I'm gonna cuddle the shit out of you tomorrow
I least I know I can't get pregnant because it's on my hair
I am kinda proud of you, its like seeing my slutty baby take its first step
Bruises. Everywhere. Table sex is dangerous
Please don't be alarmed by the blood on my arms and phone in the morning. It's not mine.
She made out with the kickboxers bf. She was just asking to get kicked in the head. In the middle of the bar.
We jumped on a random trolley because total strangers offered us free vodka. We're not even on the route map as far as I can tell. I see now how those people died in "Hostel"... we deserve whatever happens to us tonight.
So his mom walked in the kitchen while I was sucking him off and just casually suggested that "I'd need a glass of water after that"
when the washing machine is on all the beer bottles jiggle and clink against each other... "drink us drink us drink us"
I woke up in a lawn chair by the lake to some man revving his boat motor at me.
Some dude peed on tonys floor because drunkness
They offered him a bucket as he was peeing and he was like "Nah, I'm good"

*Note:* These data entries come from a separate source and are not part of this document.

(* Let $\mathbf{FL}=(FL_0,FL_1,\dots)$ be any sequence of recommendations maximizing long-term engagement, let $(\mathcal U^*,\mathcal C^* )$ be any maximum stable set with recommendation $R^*$, and let $\mathbf{ALG}=(ALG_0,ALG_1,\dots)$ be the sequence with $ALG_t(i)=R^*(i)$ for all $t$ and all $i\in\mathcal U^*$ (and, at $t=0$, $ALG_0(i)$ an arbitrary subset of $\mathcal C^*$ of size $K$ for users $i\in\mathcal U_0\setminus\mathcal U^*$). Then $\mathrm{LTE}(\mathbf{FL})=\mathrm{LTE}(\mathbf{ALG})$.
   Context: An instance consists of a dimension $D$, users $\mathcal U_0=\{1,\dots,U\}$ with types $u_i\in\mathbb R^D_{\ge0}$, creators $\mathcal C_0=\{1,\dots,C\}$ with types $c_j\in\mathbb R^D_{\ge 0}$, all of Euclidean norm $1$, a positive integer $K$, a creator threshold $\bar a\in\mathbb N_0$ and a user threshold $\bar e\in[0,1]$. At time $t=0,1,\dots$ the platform has sets $\mathcal U_t,\mathcal C_t$ and chooses $R_t$ assigning each $i\in\mathcal U_t$ a set $R_t(i)\subseteq\mathcal C_t$ of size $K$ (smaller only if necessary). Engagement $E(\mathcal U,\mathcal C,R)=\sum_{i\in\mathcal U}\sum_{j\in R(i)}u_i^Tc_j$. Then $\mathcal U_{t+1}=\{i\in\mathcal U_t:|R_t(i)|=K,\ u_i^Tc_j\ge\bar e\ \forall j\in R_t(i)\}$, $\mathcal C_{t+1}=\{j\in\mathcal C_t:|\{i\in\mathcal U_t:j\in R_t(i)\}|\ge\bar a\}$. $\mathrm{LTE}(\mathbf R)=\lim_{T\to\infty}\frac1T\sum_{t<T}E(\mathcal U_t,\mathcal C_t,R_t)$. $(\mathcal U,\mathcal C)$ with $\mathcal U\subseteq\mathcal U_0$, $\mathcal C\subseteq\mathcal C_0$ is a stable set with recommendation $R$ if $R(i)\subseteq\mathcal C$, $|R(i)|=K$ and $u_i^Tc_j\ge\bar e$ for all $i\in\mathcal U$, $j\in R(i)$, and $|\{i\in\mathcal U:j\in R(i)\}|\ge\bar a$ for all $j\in\mathcal C$; a maximum stable set maximizes $E(\mathcal U,\mathcal C,R)$ among all stable sets with recommendations. *)

theory Defs
  imports "HOL-Analysis.Analysis"
begin

text \<open>An instance. Users are 1..nU, creators are 1..nC; the dimension D is
  the cardinality of the finite index type 'd.\<close>
record 'd inst =
  nU :: nat
  nC :: nat
  ut :: "nat \<Rightarrow> real ^ 'd"
  ct :: "nat \<Rightarrow> real ^ 'd"
  Kr :: nat
  abar :: nat
  ebar :: real

definition instance_ok :: "'d::finite inst \<Rightarrow> bool" where
  "instance_ok I \<longleftrightarrow>
     Kr I > 0 \<and> 0 \<le> ebar I \<and> ebar I \<le> 1 \<and>
     (\<forall>i\<in>{1..nU I}. norm (ut I i) = 1 \<and> (\<forall>k. 0 \<le> ut I i $ k)) \<and>
     (\<forall>j\<in>{1..nC I}. norm (ct I j) = 1 \<and> (\<forall>k. 0 \<le> ct I j $ k))"

definition engagement :: "'d::finite inst \<Rightarrow> nat set \<Rightarrow> (nat \<Rightarrow> nat set) \<Rightarrow> real" where
  "engagement I Us R = (\<Sum>i\<in>Us. \<Sum>j\<in>R i. ut I i \<bullet> ct I j)"

text \<open>The sets (U_t, C_t) induced by a recommendation sequence R (time \<Rightarrow> user \<Rightarrow> creators).\<close>
fun states :: "'d::finite inst \<Rightarrow> (nat \<Rightarrow> nat \<Rightarrow> nat set) \<Rightarrow> nat \<Rightarrow> nat set \<times> nat set" where
  "states I R 0 = ({1..nU I}, {1..nC I})"
| "states I R (Suc t) =
     (let Us = fst (states I R t); Cs = snd (states I R t) in
      ({i\<in>Us. card (R t i) = Kr I \<and> (\<forall>j\<in>R t i. ebar I \<le> ut I i \<bullet> ct I j)},
       {j\<in>Cs. abar I \<le> card {i\<in>Us. j \<in> R t i}}))"

abbreviation users_at where "users_at I R t \<equiv> fst (states I R t)"
abbreviation creators_at where "creators_at I R t \<equiv> snd (states I R t)"

definition valid_seq :: "'d::finite inst \<Rightarrow> (nat \<Rightarrow> nat \<Rightarrow> nat set) \<Rightarrow> bool" where
  "valid_seq I R \<longleftrightarrow>
     (\<forall>t. \<forall>i\<in>users_at I R t.
        R t i \<subseteq> creators_at I R t \<and> card (R t i) = min (Kr I) (card (creators_at I R t)))"

definition avg_eng :: "'d::finite inst \<Rightarrow> (nat \<Rightarrow> nat \<Rightarrow> nat set) \<Rightarrow> nat \<Rightarrow> real" where
  "avg_eng I R T = (1 / real T) * (\<Sum>t<T. engagement I (users_at I R t) (R t))"

definition has_LTE :: "'d::finite inst \<Rightarrow> (nat \<Rightarrow> nat \<Rightarrow> nat set) \<Rightarrow> bool" where
  "has_LTE I R \<longleftrightarrow> convergent (avg_eng I R)"

definition LTE :: "'d::finite inst \<Rightarrow> (nat \<Rightarrow> nat \<Rightarrow> nat set) \<Rightarrow> real" where
  "LTE I R = lim (avg_eng I R)"

definition maximizes_LTE :: "'d::finite inst \<Rightarrow> (nat \<Rightarrow> nat \<Rightarrow> nat set) \<Rightarrow> bool" where
  "maximizes_LTE I R \<longleftrightarrow> valid_seq I R \<and> has_LTE I R \<and>
     (\<forall>R'. valid_seq I R' \<and> has_LTE I R' \<longrightarrow> LTE I R' \<le> LTE I R)"

definition stable_set :: "'d::finite inst \<Rightarrow> nat set \<Rightarrow> nat set \<Rightarrow> (nat \<Rightarrow> nat set) \<Rightarrow> bool" where
  "stable_set I Us Cs R \<longleftrightarrow> Us \<subseteq> {1..nU I} \<and> Cs \<subseteq> {1..nC I} \<and>
     (\<forall>i\<in>Us. R i \<subseteq> Cs \<and> card (R i) = Kr I \<and> (\<forall>j\<in>R i. ebar I \<le> ut I i \<bullet> ct I j)) \<and>
     (\<forall>j\<in>Cs. abar I \<le> card {i\<in>Us. j \<in> R i})"

definition max_stable_set :: "'d::finite inst \<Rightarrow> nat set \<Rightarrow> nat set \<Rightarrow> (nat \<Rightarrow> nat set) \<Rightarrow> bool" where
  "max_stable_set I Us Cs R \<longleftrightarrow> stable_set I Us Cs R \<and>
     (\<forall>Us' Cs' R'. stable_set I Us' Cs' R' \<longrightarrow> engagement I Us' R' \<le> engagement I Us R)"

end

theory Submission
  imports Defs
begin

text \<open>
  Users and creators only ever leave, so the finite sets \<open>(U\<^sub>t, C\<^sub>t)\<close> of any admissible
  sequence are eventually constant, and a fixed point of the dynamics together with the
  current recommendation is a stable set. Hence the per-step engagement of every admissible
  sequence is eventually at most the engagement \<open>E\<^sup>*\<close> of a maximum stable set, and its
  long-term engagement is at most \<open>E\<^sup>*\<close>. The sequence that always recommends \<open>R\<^sup>*\<close> to
  \<open>U\<^sup>*\<close> never loses anyone of \<open>(U\<^sup>*, C\<^sup>*)\<close>, and by nonnegativity of all inner products
  its engagement is always at least \<open>E\<^sup>*\<close>, hence eventually exactly \<open>E\<^sup>*\<close>. So it attains
  the upper bound, and an optimal sequence can do no better.
\<close>

definition running_average :: "(nat \<Rightarrow> real) \<Rightarrow> nat \<Rightarrow> real" where
  "running_average a T = 1 / real T * (\<Sum>t<T. a t)"

lemma running_average_eventually_const:
  assumes "\<forall>\<^sub>F t in sequentially. a t = c"
  shows "running_average a \<longlonglongrightarrow> c"
proof -
  obtain N where N: "\<And>t. t \<ge> N \<Longrightarrow> a t = c"
    using assms by (auto simp: eventually_sequentially)
  have "running_average a T = (\<Sum>t<N. a t - c) / real T + c" if "T \<ge> Suc N" for T
  proof -
    have "(\<Sum>t<T. a t - c) = (\<Sum>t<N. a t - c)"
      using that N by (intro sum.mono_neutral_right) auto
    then show ?thesis
      using that by (simp add: running_average_def sum_subtractf field_simps)
  qed
  then have "\<forall>\<^sub>F T in sequentially. (\<Sum>t<N. a t - c) / real T + c = running_average a T"
    by (intro eventually_sequentiallyI[of "Suc N"]) simp
  moreover have "(\<lambda>T. (\<Sum>t<N. a t - c) / real T + c) \<longlonglongrightarrow> c"
    using tendsto_add[OF lim_const_over_n tendsto_const] by simp
  ultimately show ?thesis
    by (rule Lim_transform_eventually[rotated])
qed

Nobody feels the need to text me back. Men. And I sent myself a message saying nakedness. I'm all the man I need.
Well my summer has already been productive. I partially caused a divorce.
I mean, I already hooked up with her boyfriend. The least I can do is accept her facebook friend request.
If he's dating my cousin now, do I have to erase the pictures of his dick off my phone? Ugh, morals.